As far as linear goes it is pretty simple that it wont work out , in quadratic i have observed that one having all odd coefficient will never have integral roots –  avz2611 Apr 14 at 17:03

7 Answers 7

up vote 2 down vote accepted

Hint $\ $ If an integer coefficient polynomial has an integer root $\rm\,n,\,$ i.e.$\rm\ p(n) = 0,\ $ then $\rm\,n\,$ remains a root modulo $2$, i.e. $\rm\ p(n)\equiv 0\,\ (mod\ 2).\:$ So, contrapositively, if a polynomial has no roots modulo $2$ then it has no integer roots.
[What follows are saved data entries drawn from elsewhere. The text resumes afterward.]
(* Let $g:\mathbb{R}^d\times\mathbb{R}^d\to\mathbb{R}^d$ and $R>0$ satisfy: (i) there exists $L_{g,R}\ge0$ such that $\|g(x,z_1)-g(x,z_2)\|\le L_{g,R}\|z_1-z_2\|$ for all $z_1,z_2,x\in\mathbb{R}^d$ with $\|x\|\le R$; (ii) there exist $C_{R,0},C_{R,1}\ge0$ such that $\|g(x,z)\|\le C_{R,0}+C_{R,1}\|z\|$ for all $x,z$ with $\|x\|\le R$. Let $b\in\mathbb{R}$ with $|b|>C_{R,1}$ and $f^g(x,z)=bz+g(x,z)$, $f^g_x=f^g(x,\cdot)$. Then for every $M>0$, with $\tilde M=(M+C_{R,0})/(|b|-C_{R,1})$: there exists $L\ge0$ such that $f^g_x$ is $L$-Lipschitz for every $x\in B(0,R)$, and $B(0,M)\subset f^g_x(B(0,\tilde M))$ for every $x\in B(0,R)$.
   Context: $B(x,r)$ denotes the Euclidean ball centered at $x$ of radius $r$. *)

theory Defs
  imports "HOL-Analysis.Analysis"
begin

definition fg :: "real \<Rightarrow> ('a::euclidean_space \<Rightarrow> 'a \<Rightarrow> 'a) \<Rightarrow> 'a \<Rightarrow> 'a \<Rightarrow> 'a" where
  "fg b g x z = b *\<^sub>R z + g x z"

end

theory Submission
  imports Defs
begin

text \<open>Lipschitz continuity is immediate from the triangle inequality. For the covering
property fix \<open>y\<close> with \<open>\<parallel>y\<parallel> < M\<close>; solving \<open>b z + h z = y\<close> means finding a fixed point of
\<open>z \<mapsto> (y - h z) / b\<close>. Linear growth of \<open>h\<close> with slope \<open>C\<^sub>1 < \<bar>b\<bar>\<close> makes this map send the closed
ball of radius \<open>(M + C\<^sub>0) / (\<bar>b\<bar> - C\<^sub>1)\<close> into itself, so Brouwer's theorem yields the fixed point,
and the strict bound on \<open>\<parallel>y\<parallel>\<close> puts it in the open ball.\<close>

lemma scaleR_plus_eq_solvable_in_ball:
  fixes h :: "'a::euclidean_space \<Rightarrow> 'a" and b C0 C1 M :: real
  assumes h_cont: "continuous_on UNIV h"
    and h_growth: "\<And>z. norm (h z) \<le> C0 + C1 * norm z"
    and "C0 \<ge> 0" "C1 \<ge> 0" "\<bar>b\<bar> > C1" "M > 0"
    and "norm y < M"
  obtains z where "norm z < (M + C0) / (\<bar>b\<bar> - C1)" and "b *\<^sub>R z + h z = y"
proof -
  define T where "T = (M + C0) / (\<bar>b\<bar> - C1)"
  have b_gap: "\<bar>b\<bar> - C1 > 0" and "b \<noteq> 0"
    using assms(4,5) by auto
  have T_gap: "T * (\<bar>b\<bar> - C1) = M + C0" and "T \<ge> 0"
    unfolding T_def using b_gap assms(3,6) by auto
  define \<phi> where "\<phi> z = (1 / b) *\<^sub>R (y - h z)" for z
  have \<phi>_bound: "norm (\<phi> z) * \<bar>b\<bar> \<le> norm y + C0 + C1 * norm z" for z
  proof -
    have "norm (\<phi> z) * \<bar>b\<bar> = norm (y - h z)"
      unfolding \<phi>_def using \<open>b \<noteq> 0\<close> by simp
    also have "\<dots> \<le> norm y + norm (h z)"
      by (rule norm_triangle_ineq4)
    finally show ?thesis
      using h_growth[of z] by simp
  qed
  have \<phi>_cont: "continuous_on (cball 0 T) \<phi>"
    unfolding \<phi>_def by (intro continuous_intros continuous_on_subset[OF h_cont]) auto
  have \<phi>_maps: "\<phi> \<in> cball 0 T \<rightarrow> cball 0 T"
  proof
    fix z :: 'a assume "z \<in> cball 0 T"
    then have "C1 * norm z \<le> C1 * T"
      using assms(4) by (simp add: mult_left_mono)
    then have "norm (\<phi> z) * \<bar>b\<bar> \<le> T * \<bar>b\<bar>"
      using \<phi>_bound[of z] \<open>norm y < M\<close> T_gap by (simp add: algebra_simps)
    then show "\<phi> z \<in> cball 0 T"
      using \<open>b \<noteq> 0\<close> by simp
  qed
  obtain z where "\<phi> z = z"
    using brouwer[OF compact_cball convex_cball _ \<phi>_cont \<phi>_maps] \<open>T \<ge> 0\<close> by auto
  have "norm z * (\<bar>b\<bar> - C1) < T * (\<bar>b\<bar> - C1)"
    using \<phi>_bound[of z] \<open>\<phi> z = z\<close> \<open>norm y < M\<close> T_gap by (simp add: algebra_simps)
  then have "norm z < T"
    using b_gap by simp
  moreover have "b *\<^sub>R z + h z = y"
    using arg_cong[OF \<open>\<phi> z = z\<close>, of "scaleR b"] \<open>b \<noteq> 0\<close> by (simp add: \<phi>_def algebra_simps)
  ultimately show ?thesis
    using that unfolding T_def by blast
qed

lemma ball_subset_image_scaleR_plus:
  fixes h :: "'a::euclidean_space \<Rightarrow> 'a" and b C0 C1 M :: real
  assumes "continuous_on UNIV h"
    and "\<And>z. norm (h z) \<le> C0 + C1 * norm z"
    and "C0 \<ge> 0" "C1 \<ge> 0" "\<bar>b\<bar> > C1" "M > 0"
  shows "ball 0 M \<subseteq> (\<lambda>z. b *\<^sub>R z + h z) ` ball 0 ((M + C0) / (\<bar>b\<bar> - C1))"
proof
  fix y :: 'a assume "y \<in> ball 0 M"
  then obtain z where "norm z < (M + C0) / (\<bar>b\<bar> - C1)" "b *\<^sub>R z + h z = y"
    using scaleR_plus_eq_solvable_in_ball[OF assms] by auto
  then show "y \<in> (\<lambda>z. b *\<^sub>R z + h z) ` ball 0 ((M + C0) / (\<bar>b\<bar> - C1))"
    by force
qed

theorem proposition11:
  fixes g :: "'a::euclidean_space \<Rightarrow> 'a \<Rightarrow> 'a" and R C0 C1 b :: real
  assumes "R > 0"
    and "\<exists>Lg\<ge>0. \<forall>x z1 z2. norm x \<le> R \<longrightarrow> norm (g x z1 - g x z2) \<le> Lg * norm (z1 - z2)"
    and "C0 \<ge> 0" and "C1 \<ge> 0"
    and "\<forall>x z. norm x \<le> R \<longrightarrow> norm (g x z) \<le> C0 + C1 * norm z"
    and "\<bar>b\<bar> > C1"
  shows "\<forall>M>0. (\<exists>L\<ge>0. \<forall>x\<in>ball 0 R. L-lipschitz_on UNIV (fg b g x))
              \<and> (\<forall>x\<in>ball 0 R. ball 0 M \<subseteq> fg b g x ` ball 0 ((M + C0) / (\<bar>b\<bar> - C1)))"
proof (intro allI impI conjI)
  obtain Lg where "Lg \<ge> 0"
    and Lg: "\<And>x z1 z2. norm x \<le> R \<Longrightarrow> norm (g x z1 - g x z2) \<le> Lg * norm (z1 - z2)"
    using assms(2) by blast
  have g_lipschitz: "Lg-lipschitz_on UNIV (g x)" if "x \<in> ball 0 R" for x
    using that by (intro lipschitz_onI) (auto simp: dist_norm Lg \<open>Lg \<ge> 0\<close>)
  have fg_eq: "fg b g x = (\<lambda>z. b *\<^sub>R z + g x z)" for x
    by (simp add: fg_def fun_eq_iff)
  show "\<exists>L\<ge>0. \<forall>x\<in>ball 0 R. L-lipschitz_on UNIV (fg b g x)"
    using lipschitz_on_add[OF lipschitz_on_cmult[OF lipschitz_on_id] g_lipschitz] \<open>Lg \<ge> 0\<close>
    unfolding fg_eq by (intro exI[of _ "\<bar>b\<bar> + Lg"]) auto
  fix M :: real assume "M > 0"
  show "\<forall>x\<in>ball 0 R. ball 0 M \<subseteq> fg b g x ` ball 0 ((M + C0) / (\<bar>b\<bar> - C1))"
    unfolding fg_eq
    using ball_subset_image_scaleR_plus[OF lipschitz_on_continuous_on[OF g_lipschitz]]
      assms(3-6) \<open>M > 0\<close> by simp
qed

end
This leads to the following simple

Parity Root Test $\ $ A polynomial $\rm\:P(x)\:$ with integer coefficients has no integer roots if its constant coefficient and coefficient sum are both odd.

Proof $\ $ The test verifies that $\rm\ P(0) \equiv 1\equiv P(1)\ \ (mod\ 2)\:,\ $ i.e. that $\rm\:P(x)\:$ has no roots modulo $2$, hence no integer roots. $\ $ QED

E.g. $\rm\:\ a\ X^2 + b\ X + c\ $ has no integer roots if $\rm\:c\:$ is odd and $\rm\:a,\:b\:$ have equal parity $\rm\:a\equiv b\ (mod\ 2)$

The Parity Root Test generalizes to any ring with a sense of parity, e.g. the Gaussian integers $\rm\: a + b\,{\it i}\ $ for integers $\rm\:a,b.\:$ For much further discussion see this post and also these related posts.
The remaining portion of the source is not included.